(* Let $n,m\ge 1$. The number of plane labelled bipartite trees with $n$ white vertices and $m$ black vertices equals $$\frac{\bigl((n+m-2)!\bigr)^2}{(n-1)!\,(m-1)!}.$$
   Context: A plane tree is a finite tree embedded in the oriented plane. Two such trees are identified if an orientation-preserving homeomorphism of the plane carries one onto the other; equivalently, a plane tree is a tree together with a cyclic order of the edges at each vertex. A bipartite tree is a tree whose vertices are colored black and white so that adjacent vertices have different colors. A plane labelled bipartite tree with $n$ white and $m$ black vertices is a plane bipartite tree in which the white vertices carry the distinct labels $v_1,\dots,v_n$ and the black vertices carry the distinct labels $u_1,\dots,u_m$ (each label used exactly once). Two such labelled trees are identified if an orientation-preserving homeomorphism of the plane maps one onto the other, preserving colors and labels. Such a tree has $n+m-1$ edges. *)

theory Defs
  imports Complex_Main
begin

text \<open>White vertex v_(i+1) is represented by Inl i (i < n), black vertex u_(j+1) by Inr j (j < m).
  An (undirected, simple) bipartite graph is given by its edge set E, a subset of {..<n} x {..<m}.\<close>

definition bip_vertices :: "nat \<Rightarrow> nat \<Rightarrow> (nat + nat) set" where
  "bip_vertices n m = Inl ` {..<n} \<union> Inr ` {..<m}"

definition bip_adj :: "(nat \<times> nat) set \<Rightarrow> (nat + nat) rel" where
  "bip_adj E = {(Inl i, Inr j) | i j. (i, j) \<in> E} \<union> {(Inr j, Inl i) | i j. (i, j) \<in> E}"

■ Exercise ■
Starting at the line that contains "Context: A plane", write out every line to the end of the entries, exactly as given.

■ Result ■
   Context: A plane tree is a finite tree embedded in the oriented plane. Two such trees are identified if an orientation-preserving homeomorphism of the plane carries one onto the other; equivalently, a plane tree is a tree together with a cyclic order of the edges at each vertex. A bipartite tree is a tree whose vertices are colored black and white so that adjacent vertices have different colors. A plane labelled bipartite tree with $n$ white and $m$ black vertices is a plane bipartite tree in which the white vertices carry the distinct labels $v_1,\dots,v_n$ and the black vertices carry the distinct labels $u_1,\dots,u_m$ (each label used exactly once). Two such labelled trees are identified if an orientation-preserving homeomorphism of the plane maps one onto the other, preserving colors and labels. Such a tree has $n+m-1$ edges. *)

theory Defs
  imports Complex_Main
begin

text \<open>White vertex v_(i+1) is represented by Inl i (i < n), black vertex u_(j+1) by Inr j (j < m).
  An (undirected, simple) bipartite graph is given by its edge set E, a subset of {..<n} x {..<m}.\<close>

definition bip_vertices :: "nat \<Rightarrow> nat \<Rightarrow> (nat + nat) set" where
  "bip_vertices n m = Inl ` {..<n} \<union> Inr ` {..<m}"

definition bip_adj :: "(nat \<times> nat) set \<Rightarrow> (nat + nat) rel" where
  "bip_adj E = {(Inl i, Inr j) | i j. (i, j) \<in> E} \<union> {(Inr j, Inl i) | i j. (i, j) \<in> E}"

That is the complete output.